Rep. Andrew Gray, an Anchorage Democrat, speak to a crowd outside at the steps of the Alaska State Capitol in January. Gray introduced a bill Monday that would make short-term rental registration a requirement and limit operators to just one unit per person in Alaska. (Mark Sabbatini/ Juneau Empire File)

Rep. Andrew Gray, an Anchorage Democrat, speak to a crowd outside at the steps of the Alaska State Capitol in January. Gray introduced a bill Monday that would make short-term rental registration a requirement and limit operators to just one unit per person in Alaska. (Mark Sabbatini/ Juneau Empire File)

Lawmaker introduces bill to require short-term rental registry, limits in Alaska

The bill would limit units to one per person beginning January 2025.

A bill that would make short-term rental registration a requirement and limit operators to just one unit per person in Alaska was introduced in the Alaska House of Representatives on Monday with just a few short weeks remaining in the session.

The bill’s sponsor, Rep. Andrew Gray, an Anchorage Democrat, told the Empire Wednesday he believes the bill will have a direct impact on increasing the supply of housing in Alaska and slowing down the rate of short-term rental growth.
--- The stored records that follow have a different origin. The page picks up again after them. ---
lemma sum_adjacent_eigvec:
  assumes m: "m \<ge> 3" and "a < m" "b < m" "v < 2 * m * m"
    and root: "(l - cycle_eigenvalue m a) * (l - cycle_eigenvalue m b) = 1"
  shows "(\<Sum>u<2 * m * m. if T_adj m v u then eigvec m a b l u else 0) = of_real l * eigvec m a b l v"
proof -
  have m0: "m > 0"
    using m by simp
  let ?c = "of_real (l - cycle_eigenvalue m b) :: complex"
  from \<open>v < 2 * m * m\<close> show ?thesis
  proof (cases rule: vertex_cases)
    case (1 i j)
    let ?x = "unit_root m ^ (a * i + b * j)"
    have "Suc j mod m < m" "(j + m - 1) mod m < m"
      using 1 by auto
    then have "eigvec m a b l (Tp m i (Suc j mod m)) = ?x * unit_root m ^ b"
      "eigvec m a b l (Tp m i ((j + m - 1) mod m)) = ?x * cnj (unit_root m ^ b)"
      "eigvec m a b l (Tn m j i) = ?c * ?x"
      using 1 by (simp_all only: eigvec_Tp eigvec_Tn unit_root_pow_Suc_mod[OF m0]
          unit_root_pow_pred_mod add.commute)
    then have "(\<Sum>u<2 * m * m. if T_adj m v u then eigvec m a b l u else 0) =
        ?x * (unit_root m ^ b + cnj (unit_root m ^ b)) + ?c * ?x"
      unfolding 1(3) sum_adjacent_Tp[OF m 1(1,2)] by (simp only: distrib_left)
    also have "\<dots> = of_real l * ?x"
      unfolding unit_root_pow_add_cnj by (simp add: algebra_simps)
    finally show ?thesis
      using 1 by simp
  next
    case (2 i j)
    let ?y = "unit_root m ^ (b * i + a * j)"
    have "Suc j mod m < m" "(j + m - 1) mod m < m"
      using 2 by auto
    then have "eigvec m a b l (Tn m i (Suc j mod m)) = ?c * (?y * unit_root m ^ a)"
      "eigvec m a b l (Tn m i ((j + m - 1) mod m)) = ?c * (?y * cnj (unit_root m ^ a))"
      "eigvec m a b l (Tp m j i) = ?y"
      using 2 by (simp_all only: eigvec_Tp eigvec_Tn unit_root_pow_Suc_mod[OF m0]
          unit_root_pow_pred_mod add.commute)
    then have "(\<Sum>u<2 * m * m. if T_adj m v u then eigvec m a b l u else 0) =
        ?c * ?y * (unit_root m ^ a + cnj (unit_root m ^ a)) + ?y"
      unfolding 2(3) sum_adjacent_Tn[OF m 2(1,2)] by (simp only: distrib_left mult.assoc)
    also have "\<dots> = of_real ((l - cycle_eigenvalue m b) * cycle_eigenvalue m a + 1) * ?y"
      unfolding unit_root_pow_add_cnj by (simp add: algebra_simps)
    also have "(l - cycle_eigenvalue m b) * cycle_eigenvalue m a + 1 =
        l * (l - cycle_eigenvalue m b)"
      using root by (simp add: algebra_simps)
    finally show ?thesis
      using 2 by (simp add: mult.assoc)
  qed
qed

lemma sum_cnj_character_mult:
  assumes "a < m" "b < m" "a' < m" "b' < m"
  shows "(\<Sum>v<2 * m * m.
      (if v < m * m then p else q) * (cnj (character m a b v) * character m a' b' v)) =
    (if a = a' \<and> b = b' then of_nat (m * m) * (p + q) else 0)"
proof -
  define F where "F c c' i = cnj (unit_root m ^ (c * i)) * unit_root m ^ (c' * i)" for c c' i
  have factor: "cnj (unit_root m ^ (c * i + d * j)) * unit_root m ^ (c' * i + d' * j) =
      F c c' i * F d d' j" for c d c' d' i j
    by (simp only: F_def power_add complex_cnj_mult mult_ac)
  have orth: "(\<Sum>i<m. F c c' i) = (if c = c' then of_nat m else 0)" if "c < m" "c' < m" for c c'
    unfolding F_def by (rule sum_cnj_unit_root_pow_mult[OF that])
  have "(\<Sum>v<2 * m * m.
        (if v < m * m then p else q) * (cnj (character m a b v) * character m a' b' v)) =
      (\<Sum>i<m. \<Sum>j<m. p * (F a a' i * F b b' j)) + (\<Sum>i<m. \<Sum>j<m. q * (F b b' i * F a a' j))"
    by (simp add: sum_vertices Tp_less factor del: complex_cnj_power)
  also have "\<dots> = p * ((\<Sum>i<m. F a a' i) * (\<Sum>j<m. F b b' j)) +
      q * ((\<Sum>i<m. F b b' i) * (\<Sum>j<m. F a a' j))"
    unfolding sum_product by (simp only: sum_distrib_left)
  also have "\<dots> = (if a = a' \<and> b = b' then of_nat (m * m) * (p + q) else 0)"
    using assms by (simp add: orth algebra_simps)
  finally show ?thesis .
qed

section \<open>An eigenbasis of T_m\<close>

text \<open>Eigenbasis columns are indexed like vertices: column u belongs to the coordinates (a, b) of u
  and takes the upper root on the x^+ half of the indices, the lower root on the x^- half.\<close>

definition eigval :: "nat \<Rightarrow> nat \<Rightarrow> real" where
  "eigval m u = (if u < m * m then upper_root else lower_root)
    (cycle_eigenvalue m (vertex_fst m u)) (cycle_eigenvalue m (vertex_snd m u))"

definition eigval_other :: "nat \<Rightarrow> nat \<Rightarrow> real" where
  "eigval_other m u = (if u < m * m then lower_root else upper_root)
    (cycle_eigenvalue m (vertex_fst m u)) (cycle_eigenvalue m (vertex_snd m u))"

lemma eigval_root:
  "(eigval m u - cycle_eigenvalue m (vertex_fst m u)) *
    (eigval m u - cycle_eigenvalue m (vertex_snd m u)) = 1"
  by (simp add: eigval_def flip: eq_upper_or_lower_root_iff)

lemma eigval_neq_other: "eigval m u \<noteq> eigval_other m u"
  using lower_root_less_upper_root by (simp add: eigval_def eigval_other_def) (metis less_irrefl)

lemma eigval_eq_eigval_other:
  assumes "u < 2 * m * m" "u' < 2 * m * m" "u \<noteq> u'"
    and "vertex_fst m u = vertex_fst m u'" "vertex_snd m u = vertex_snd m u'"
  shows "eigval m u' = eigval_other m u"
  using assms vertex_eq_iff[OF assms(1,2)] by (auto simp: eigval_def eigval_other_def)

definition eigvec_mat :: "nat \<Rightarrow> complex mat" where
  "eigvec_mat m = mat (2 * m * m) (2 * m * m)
    (\<lambda>(v, u). eigvec m (vertex_fst m u) (vertex_snd m u) (eigval m u) v)"

text \<open>By orthogonality of the characters, the (u, u') entry of dual_mat m * eigvec_mat m vanishes
  unless u and u' have the same coordinates, and then equals
  (eigval m u' - eigval_other m u) / (eigval m u - eigval_other m u).\<close>

definition dual_mat :: "nat \<Rightarrow> complex mat" where
  "dual_mat m = mat (2 * m * m) (2 * m * m) (\<lambda>(u, v).
    of_real ((if v < m * m then cycle_eigenvalue m (vertex_snd m u) - eigval_other m u else 1) /
      (real (m * m) * (eigval m u - eigval_other m u))) *
    cnj (character m (vertex_fst m u) (vertex_snd m u) v))"

lemma dual_mat_mult_eigvec_mat:
  assumes "m > 0"
  shows "dual_mat m * eigvec_mat m = 1\<^sub>m (2 * m * m)"
proof (rule eq_matI)
  fix u u'
  assume "u < dim_row (1\<^sub>m (2 * m * m) :: complex mat)"
    and "u' < dim_col (1\<^sub>m (2 * m * m) :: complex mat)"
  then have u: "u < 2 * m * m" and u': "u' < 2 * m * m"
    by simp_all
  let ?a = "vertex_fst m u" and ?b = "vertex_snd m u"
  let ?a' = "vertex_fst m u'" and ?b' = "vertex_snd m u'"
  let ?D = "real (m * m) * (eigval m u - eigval_other m u)"
  let ?x = "(cycle_eigenvalue m ?b - eigval_other m u) / ?D"
  let ?y = "(eigval m u' - cycle_eigenvalue m ?b') / ?D"
  have "(dual_mat m * eigvec_mat m) $$ (u, u') =
      (\<Sum>v<2 * m * m. (if v < m * m then of_real ?x else of_real ?y) *
        (cnj (character m ?a ?b v) * character m ?a' ?b' v))"
    using u u' by (auto simp: dual_mat_def eigvec_mat_def eigvec_def scalar_prod_def
        atLeast0LessThan intro!: sum.cong)
  also have "\<dots> = (if ?a = ?a' \<and> ?b = ?b' then of_nat (m * m) * (of_real ?x + of_real ?y) else 0)"
    using assms by (intro sum_cnj_character_mult) (simp_all add: vertex_fst_less vertex_snd_less)
  also have "\<dots> = 1\<^sub>m (2 * m * m) $$ (u, u')"
  proof (cases "?a = ?a' \<and> ?b = ?b'")
    case True
    have d: "eigval m u - eigval_other m u \<noteq> 0"
      using eigval_neq_other[of m u] by simp
    have "?x + ?y = (eigval m u' - eigval_other m u) / ?D"
      using True by (simp add: add_divide_distrib[symmetric])
    also have "eigval m u' - eigval_other m u =
        (if u = u' then eigval m u - eigval_other m u else 0)"
      using True eigval_eq_eigval_other[OF u u'] by auto
    finally have "?x + ?y = (if u = u' then eigval m u - eigval_other m u else 0) / ?D" .
    then have "real (m * m) * (?x + ?y) = (if u = u' then 1 else 0)"
      using assms d by (cases "u = u'") simp_all
    moreover have "of_nat (m * m) * (of_real ?x + of_real ?y) =
        (of_real (real (m * m) * (?x + ?y)) :: complex)"
      by simp
    ultimately have "of_nat (m * m) * (of_real ?x + of_real ?y) =
        (if u = u' then 1 else (0 :: complex))"
      by simp
    then show ?thesis
      using True u u' by simp
  next
    case False
    then show ?thesis
      using u u' by auto
  qed
  finally show "(dual_mat m * eigvec_mat m) $$ (u, u') = 1\<^sub>m (2 * m * m) $$ (u, u')" .
qed (simp_all add: dual_mat_def eigvec_mat_def)

lemma adjacency_mult_eigvec_mat:
  assumes "m \<ge> 3"
  shows "map_mat of_real (T_adjacency_matrix m) * eigvec_mat m =
    eigvec_mat m * mat_diag (2 * m * m) (\<lambda>u. of_real (eigval m u))"
proof -
  have m0: "m > 0"
    using assms by simp
  have "(map_mat of_real (T_adjacency_matrix m) * eigvec_mat m) $$ (v, u) =
      eigvec_mat m $$ (v, u) * of_real (eigval m u)"
    if v: "v < 2 * m * m" and u: "u < 2 * m * m" for v u
  proof -
    have "(map_mat of_real (T_adjacency_matrix m) * eigvec_mat m) $$ (v, u) =
        (\<Sum>k<2 * m * m.
          if T_adj m v k then eigvec m (vertex_fst m u) (vertex_snd m u) (eigval m u) k else 0)"
      using v u by (auto simp: T_adjacency_matrix_def eigvec_mat_def scalar_prod_def
          atLeast0LessThan intro!: sum.cong)
    also have "\<dots> = of_real (eigval m u) * eigvec m (vertex_fst m u) (vertex_snd m u) (eigval m u) v"
      using m0 by (intro sum_adjacent_eigvec[OF assms _ _ v eigval_root])
        (simp_all add: vertex_fst_less vertex_snd_less)
    finally show ?thesis
      using v u by (simp add: eigvec_mat_def)
  qed
  then show ?thesis
    by (subst mat_diag_mult_right[of _ "2 * m * m"])
      (auto simp: eigvec_mat_def T_adjacency_matrix_def)
qed

lemma eigenvalue_multiplicity_T_adjacency_matrix:
  assumes "m \<ge> 3"
  shows "eigenvalue_multiplicity (T_adjacency_matrix m) c =
    card {u. u < 2 * m * m \<and> eigval m u = c}"
proof -
  interpret of_real_poly: map_poly_inj_idom_divide_hom "of_real :: real \<Rightarrow> complex"
    by unfold_locales (simp_all add: of_real_divide)
  have A: "T_adjacency_matrix m \<in> carrier_mat (2 * m * m) (2 * m * m)"
    by (simp add: T_adjacency_matrix_def)
  have "eigenvalue_multiplicity (T_adjacency_matrix m) c =
      order (of_real c) (map_poly of_real (char_poly (T_adjacency_matrix m)) :: complex poly)"
    by (simp add: eigenvalue_multiplicity_def of_real_poly.order_hom)
  also have "map_poly of_real (char_poly (T_adjacency_matrix m)) =
      char_poly (map_mat of_real (T_adjacency_matrix m) :: complex mat)"
    by (rule of_real_hom.char_poly_hom[OF A, symmetric])
  also have "\<dots> = (\<Prod>u\<leftarrow>[0..<2 * m * m]. [:- of_real (eigval m u), 1:])"
    using assms A
    by (intro char_poly_eq_prod_eigenvalues[OF _ _ _
          dual_mat_mult_eigvec_mat adjacency_mult_eigvec_mat])
      (auto simp: eigvec_mat_def dual_mat_def)
  also have "order (of_real c) \<dots> =
      card {u. u < 2 * m * m \<and> of_real (eigval m u) = (of_real c :: complex)}"
    by (rule order_prod_linear_factors)
  finally show ?thesis
    by simp
qed
(* Let $\phi\in\mathrm{Aut}_0(H)$. Then $\phi(H(m))\not\subseteq\sum_{i=0}^{m-1}H(i)$ for all $m\geq1$.
   Context: Let $k$ be a field and $0\neq q\in k$ not a root of unity. $H=k_q[x,x^{-1},y]$ is the $k$-algebra generated by $x,x^{-1},y$ with $xx^{-1}=x^{-1}x=1$, $yx=qxy$, a Hopf algebra with $\Delta(x)=x\otimes x$, $\Delta(x^{-1})=x^{-1}\otimes x^{-1}$, $\Delta(y)=y\otimes x+1\otimes y$, $\varepsilon(x)=1$, $\varepsilon(y)=0$; $\{x^ny^m:n\in\mathbb{Z},m\in\mathbb{N}\}$ is a $k$-basis. $H_0=\mathrm{span}\{x^n:n\in\mathbb{Z}\}$ and $H(m)=H_0y^m$. $\mathrm{Aut}_0(H)$ is the group of coalgebra automorphisms $\phi$ of $H$ with $\phi(1)=1$. *)

theory Defs
  imports Main
begin

text \<open>Elements of H = k_q[x,x^-1,y] are finitely supported coefficient functions on the
basis x^n y^m, indexed by (n,m) :: int * nat.  Elements of H (x) H are finitely supported
functions on pairs of basis indices (basis x^a y^b (x) x^c y^d).\<close>

type_synonym 'k hq = "int \<times> nat \<Rightarrow> 'k"
type_synonym 'k hq2 = "(int \<times> nat) \<times> (int \<times> nat) \<Rightarrow> 'k"

definition fsupp :: "('a \<Rightarrow> 'k::zero) \<Rightarrow> 'a set" where
  "fsupp f = {b. f b \<noteq> 0}"

definition fin_supp :: "('a \<Rightarrow> 'k::zero) set" where
  "fin_supp = {f. finite (fsupp f)}"

definition Hq :: "'k::zero hq set" where
  "Hq = fin_supp"

definition hmono :: "int \<times> nat \<Rightarrow> 'k::{zero,one} hq" where
  "hmono b = (\<lambda>c. if c = b then 1 else 0)"

definition tmono :: "int \<times> nat \<Rightarrow> int \<times> nat \<Rightarrow> 'k::{zero,one} hq2" where
  "tmono b1 b2 = (\<lambda>p. if p = (b1, b2) then 1 else 0)"

text \<open>(x^a y^b)(x^c y^d) = q^(b c) x^(a+c) y^(b+d), since y x = q x y.\<close>
definition mono_add :: "int \<times> nat \<Rightarrow> int \<times> nat \<Rightarrow> int \<times> nat" where
  "mono_add b c = (fst b + fst c, snd b + snd c)"

definition mono_coef :: "'k::field \<Rightarrow> int \<times> nat \<Rightarrow> int \<times> nat \<Rightarrow> 'k" where
  "mono_coef q b c = q powi (int (snd b) * fst c)"

definition tmul :: "'k::field \<Rightarrow> 'k hq2 \<Rightarrow> 'k hq2 \<Rightarrow> 'k hq2" where
  "tmul q S T = (\<lambda>c. \<Sum>p\<in>fsupp S. \<Sum>p'\<in>fsupp T.
      if (mono_add (fst p) (fst p'), mono_add (snd p) (snd p')) = c
      then mono_coef q (fst p) (fst p') * mono_coef q (snd p) (snd p') * S p * T p'
      else 0)"

primrec tpow :: "'k::field \<Rightarrow> 'k hq2 \<Rightarrow> nat \<Rightarrow> 'k hq2" where
  "tpow q T 0 = tmono (0,0) (0,0)"
| "tpow q T (Suc n) = tmul q (tpow q T n) T"

definition Delta_y :: "'k::field hq2" where
  "Delta_y = (\<lambda>p. tmono (0,1) (1,0) p + tmono (0,0) (0,1) p)"

text \<open>Delta(x^n y^m) = Delta(x)^n Delta(y)^m = (x^n (x) x^n) (y (x) x + 1 (x) y)^m.\<close>
definition Delta_mono :: "'k::field \<Rightarrow> int \<times> nat \<Rightarrow> 'k hq2" where
  "Delta_mono q b = tmul q (tmono (fst b, 0) (fst b, 0)) (tpow q Delta_y (snd b))"

definition Delta :: "'k::field \<Rightarrow> 'k hq \<Rightarrow> 'k hq2" where
  "Delta q f = (\<lambda>p. \<Sum>b\<in>fsupp f. f b * Delta_mono q b p)"

definition counit :: "'k::field hq \<Rightarrow> 'k" where
  "counit f = (\<Sum>b\<in>fsupp f. if snd b = 0 then f b else 0)"

definition tensor_map :: "('k::field hq \<Rightarrow> 'k hq) \<Rightarrow> 'k hq2 \<Rightarrow> 'k hq2" where
  "tensor_map \<phi> T = (\<lambda>p. \<Sum>p'\<in>fsupp T.
      T p' * \<phi> (hmono (fst p')) (fst p) * \<phi> (hmono (snd p')) (snd p))"

definition Aut0 :: "'k::field \<Rightarrow> ('k hq \<Rightarrow> 'k hq) set" where
  "Aut0 q = {\<phi>.
      (\<forall>f\<in>Hq. \<forall>g\<in>Hq. \<phi> (\<lambda>b. f b + g b) = (\<lambda>b. \<phi> f b + \<phi> g b)) \<and>
      (\<forall>c. \<forall>f\<in>Hq. \<phi> (\<lambda>b. c * f b) = (\<lambda>b. c * \<phi> f b)) \<and>
      bij_betw \<phi> Hq Hq \<and>
      (\<forall>f\<in>Hq. Delta q (\<phi> f) = tensor_map \<phi> (Delta q f)) \<and>
      (\<forall>f\<in>Hq. counit (\<phi> f) = counit f) \<and>
      \<phi> (hmono (0,0)) = hmono (0,0)}"

definition Hdeg :: "nat \<Rightarrow> 'k::zero hq set" where
  "Hdeg m = {f\<in>Hq. fsupp f \<subseteq> {b. snd b = m}}"

definition Hbelow :: "nat \<Rightarrow> 'k::zero hq set" where
  "Hbelow m = {f\<in>Hq. fsupp f \<subseteq> {b. snd b < m}}"

end

theory Submission
  imports Defs
begin

text \<open>Every linear coalgebra endomorphism f of H preserves the filtration
H(0) + \<dots> + H(n-1), n \<ge> 1. For n = 1 this is because the only group-likes of H are the x^a,
so f maps H_0 into H_0. For the inductive step, if f h had a term c x^a y^(k+1) with k \<ge> n,
then \<Delta>(f h) would contain x^a y^k \<otimes> x^(a+k) y with coefficient [k+1]_q c, where
[k+1]_q = 1 + q + \<dots> + q^k is nonzero because q is not a root of unity; but
(f \<otimes> f)(\<Delta> h) has no such term, since every term of \<Delta> h of total y-degree \<le> n
has either left y-degree < n or right y-degree 0. Applied to \<phi>\<inverse>, which is again a
coalgebra map: if \<phi>(y^m) lay in H(0) + \<dots> + H(m-1), so would y^m = \<phi>\<inverse>(\<phi>(y^m)).\<close>

lemma sum_eq_single:
  assumes "finite A" "\<And>x. x \<in> A \<Longrightarrow> x \<noteq> a \<Longrightarrow> f x = 0" "a \<notin> A \<Longrightarrow> f a = 0"
  shows "sum f A = f a"
proof (cases "a \<in> A")
  case True
  then have "sum f A = f a + sum f (A - {a})" using assms(1) by (simp add: sum.remove)
  also have "sum f (A - {a}) = 0" using assms(2) by (intro sum.neutral) auto
  finally show ?thesis by simp
next
  case False
  then show ?thesis using assms by (auto intro!: sum.neutral)
qed

lemma sum_eq_two:
  assumes "finite A" "\<And>x. x \<in> A \<Longrightarrow> x \<noteq> a \<Longrightarrow> x \<noteq> b \<Longrightarrow> f x = 0"
    "a \<notin> A \<Longrightarrow> f a = 0" "b \<notin> A \<Longrightarrow> f b = 0" "a \<noteq> b"
  shows "sum f A = f a + f b"
proof -
  have "sum f A = sum f (A \<union> {a, b})"
    using assms by (intro sum.mono_neutral_left) auto
  also have "\<dots> = sum f {a, b}"
    by (rule sum.mono_neutral_right) (use assms in auto)
  finally show ?thesis using assms(5) by simp
qed

lemma power_int_of_nat_diff: "i \<le> m \<Longrightarrow> (q::'k::field) powi (int m - int i) = q ^ (m - i)"
  by (metis of_nat_diff power_int_of_nat)

lemma fsupp_hmono: "fsupp (hmono b :: 'k::field hq) = {b}"
  by (auto simp: fsupp_def hmono_def)

lemma fsupp_tmono: "fsupp (tmono a b :: 'k::field hq2) = {(a, b)}"
  by (auto simp: fsupp_def tmono_def)

lemma Hq_finite_fsupp: "g \<in> Hq \<Longrightarrow> finite (fsupp g)"
  by (simp add: Hq_def fin_supp_def)

lemma hmono_in_Hq: "hmono b \<in> (Hq :: 'k::field hq set)"
  by (simp add: Hq_def fin_supp_def fsupp_hmono)

lemma Hq_add: "f \<in> Hq \<Longrightarrow> g \<in> Hq \<Longrightarrow> (\<lambda>b. f b + g b) \<in> (Hq :: 'k::field hq set)"
proof -
  assume "f \<in> Hq" "g \<in> Hq"
  then have "finite (fsupp f \<union> fsupp g)" by (simp add: Hq_finite_fsupp)
  moreover have "fsupp (\<lambda>b. f b + g b) \<subseteq> fsupp f \<union> fsupp g" by (auto simp: fsupp_def)
  ultimately show ?thesis by (simp add: Hq_def fin_supp_def finite_subset)
qed

lemma Hq_smult: "f \<in> Hq \<Longrightarrow> (\<lambda>b. c * f b) \<in> (Hq :: 'k::field hq set)"
proof -
  assume "f \<in> Hq"
  then have "finite (fsupp f)" by (simp add: Hq_finite_fsupp)
  moreover have "fsupp (\<lambda>b. c * f b) \<subseteq> fsupp f" by (auto simp: fsupp_def)
  ultimately show ?thesis by (simp add: Hq_def fin_supp_def finite_subset)
qed

lemma Hbelow_coeff_zero: "g \<in> Hbelow n \<Longrightarrow> n \<le> snd c \<Longrightarrow> g c = 0"
  by (force simp: Hbelow_def fsupp_def)

lemma hmono_in_Hbelow: "snd b < n \<Longrightarrow> hmono b \<in> (Hbelow n :: 'k::field hq set)"
  by (simp add: Hbelow_def hmono_in_Hq fsupp_hmono)

subsection \<open>The powers of \<Delta>(y)\<close>

text \<open>The basis tensor y^i \<otimes> x^i y^j; the power \<Delta>(y)^m = (y \<otimes> x + 1 \<otimes> y)^m is supported
on the tensors with i + j = m, with q-binomial coefficients.\<close>

definition dy_index :: "nat \<Rightarrow> nat \<Rightarrow> (int \<times> nat) \<times> (int \<times> nat)" where
  "dy_index i j = ((0, i), (int i, j))"

lemma dy_index_eq_iff [simp]: "dy_index i j = dy_index i' j' \<longleftrightarrow> i = i' \<and> j = j'"
  by (auto simp: dy_index_def)

lemma fsupp_Delta_y: "fsupp (Delta_y :: 'k::field hq2) = {((0,1),(1,0)), ((0,0),(0,1))}"
  by (auto simp: fsupp_def Delta_y_def tmono_def)

lemma tmul_Delta_y:
  "tmul q S (Delta_y :: 'k::field hq2) c = (\<Sum>p\<in>fsupp S.
     (if (mono_add (fst p) (0,1), mono_add (snd p) (1,0)) = c
      then mono_coef q (fst p) (0,1) * mono_coef q (snd p) (1,0) * S p else 0) +
     (if (mono_add (fst p) (0,0), mono_add (snd p) (0,1)) = c
      then mono_coef q (fst p) (0,0) * mono_coef q (snd p) (0,1) * S p else 0))"
  unfolding tmul_def fsupp_Delta_y
  by (intro sum.cong refl) (simp add: Delta_y_def tmono_def)

lemma Delta_y_pow_nonzero_imp:
  "tpow q Delta_y m c \<noteq> (0::'k::field) \<Longrightarrow> \<exists>i\<le>m. c = dy_index i (m - i)"
proof (induction m arbitrary: c)
  case 0
  then show ?case by (auto simp: tmono_def dy_index_def split: if_splits)
next
  case (Suc m)
  from Suc.prems have "tmul q (tpow q Delta_y m) Delta_y c \<noteq> 0" by simp
  then obtain p where p: "p \<in> fsupp (tpow q Delta_y m)" and
    nz: "(if (mono_add (fst p) (0,1), mono_add (snd p) (1,0)) = c
      then mono_coef q (fst p) (0,1) * mono_coef q (snd p) (1,0) * tpow q Delta_y m p else 0) +
     (if (mono_add (fst p) (0,0), mono_add (snd p) (0,1)) = c
      then mono_coef q (fst p) (0,0) * mono_coef q (snd p) (0,1) * tpow q Delta_y m p else 0) \<noteq> 0"
    unfolding tmul_Delta_y by (meson sum.not_neutral_contains_not_neutral)
  have "tpow q Delta_y m p \<noteq> 0" using p by (simp add: fsupp_def)
  from Suc.IH[OF this] obtain i where i: "i \<le> m" "p = dy_index i (m - i)" by blast
  show ?case
  proof (cases "(mono_add (fst p) (0,1), mono_add (snd p) (1,0)) = c")
    case True
    then have "c = dy_index (Suc i) (Suc m - Suc i)" using i by (auto simp: dy_index_def mono_add_def)
    then show ?thesis using i by (intro exI[of _ "Suc i"]) auto
  next
    case False
    with nz have "(mono_add (fst p) (0,0), mono_add (snd p) (0,1)) = c" by (auto split: if_splits)
    then have "c = dy_index i (Suc m - i)" using i by (simp add: dy_index_def mono_add_def Suc_diff_le)
    then show ?thesis using i by (intro exI[of _ i]) auto
  qed
qed

lemma fsupp_Delta_y_pow:
  "fsupp (tpow q Delta_y m :: 'k::field hq2) \<subseteq> (\<lambda>i. dy_index i (m - i)) ` {..m}"
  using Delta_y_pow_nonzero_imp by (fastforce simp: fsupp_def)

lemma Delta_y_pow_Suc_coeff:
  "tpow q Delta_y (Suc m) c = (\<Sum>i\<le>m.
     (if dy_index (Suc i) (m-i) = c then q^(m-i) * tpow q Delta_y m (dy_index i (m-i)) else 0) +
     (if dy_index i (Suc (m-i)) = c then tpow q Delta_y m (dy_index i (m-i)) else (0::'k::field)))"
proof -
  let ?S = "tpow q Delta_y m :: 'k hq2"
  let ?F = "\<lambda>p. (if (mono_add (fst p) (0,1), mono_add (snd p) (1,0)) = c
      then mono_coef q (fst p) (0,1) * mono_coef q (snd p) (1,0) * ?S p else 0) +
     (if (mono_add (fst p) (0,0), mono_add (snd p) (0,1)) = c
      then mono_coef q (fst p) (0,0) * mono_coef q (snd p) (0,1) * ?S p else 0)"
  have "tpow q Delta_y (Suc m) c = sum ?F (fsupp ?S)" by (simp add: tmul_Delta_y)
  also have "\<dots> = sum ?F ((\<lambda>i. dy_index i (m - i)) ` {..m})"
    by (rule sum.mono_neutral_left) (use fsupp_Delta_y_pow in \<open>auto simp: fsupp_def\<close>)
  also have "\<dots> = sum (?F \<circ> (\<lambda>i. dy_index i (m - i))) {..m}"
    by (intro sum.reindex) (auto simp: inj_on_def)
  also have "\<dots> = (\<Sum>i\<le>m.
     (if dy_index (Suc i) (m-i) = c then q^(m-i) * ?S (dy_index i (m-i)) else 0) +
     (if dy_index i (Suc (m-i)) = c then ?S (dy_index i (m-i)) else 0))"
    by (intro sum.cong refl)
      (auto simp: mono_add_def mono_coef_def dy_index_def Suc_diff_le add.commute power_int_of_nat_diff)
  finally show ?thesis .
qed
“We don’t have enough available affordable housing here in Alaska,” he told the Empire. “I ran on affordable housing and it is my priority as a legislator to do what I can to incentivize more affordable housing in the state.”

The bill seeks to make all short-term rental operators register their units with the state of Alaska, beginning in January 2025. There would be a fee to register, according to the bill, but the amount is not outlined at this time. According to Gray, he wants the registration to be cost-neutral.

The bill also seeks to limit the number of short-term rentals to just one unit per person. Gray said the proposed limit has already faced pushback.

Gray said it should be noted that if an operator owns more than one unit prior to the bill going into effect, the person will still be able to operate those additional units. Currently, in Alaska, there is no limit on the number of short-term rentals a single person can operate.

“If you own four at the time of the bill, you keep them, but going forward, you can only register one,” he said. “I know people who own short-term rentals are going to be upset with me, but we have to face the fact that people are unable to buy homes and that apartments are going up at rates that are unsustainable.”

When asked if he was worried about operators rushing to buy additional units before the bill goes into effect, he said he wasn’t.

“The average price of homes in Alaska — in Juneau — is the reason I’m not worried about someone going out to buy a bunch,” he said. “They can’t afford it — because the price of homes is already too high.”

According to city data in Juneau, the median assessed value for a home in 2020 was around $429,000. In 2022, the median was around $527,000 — that equates to a 23% increase in just two years.

Gray said he introduced the bill now with the forethought that it will be passed in a future session rather than in the remaining weeks of this one. He said by introducing it now, it will give him more time throughout the summer and fall to speak with more experts and legislators before he “hits the ground running” in an upcoming session.

“If we want more available housing now, we simply have to limit the number of short-term rentals,” he said. “I think we have to do something, I think that it is absolutely imperative that we do something.”

Rep. Sara Hannan, a Juneau Democrat, told the Empire she is still reviewing the bill and did not have a comment at this time.

The impact of short-term rentals on the availability of affordable housing has been a topic of discussion at the local level, too.

In a recent study commissioned by the City and Borough of Juneau, data indicated that on one given day in mid-February, there were an estimated 577 active and intermittent listings of short-term rentals across Juneau.

[City considers short-term rental registration requirement]

Following the data being shared with the Assembly in early March, members OK’d the city to begin drafting an ordinance that would effectively make it a requirement to register short-term rentals with the city.

Assembly member Carole Triem told the Empire Wednesday that she liked the overall idea of Gray’s bill, but said she thinks when it comes to limitations, it should be up to each municipality, not the state to decide.

“I mean I would prefer that we have the ability to choose a limit, and the more control we could have versus the state dictating what we do would be better,” she said.

Triem said the idea to pass some type of short-term rental registration requirement is a priority for the Assembly and expects movement toward that turning into reality to happen in the coming months.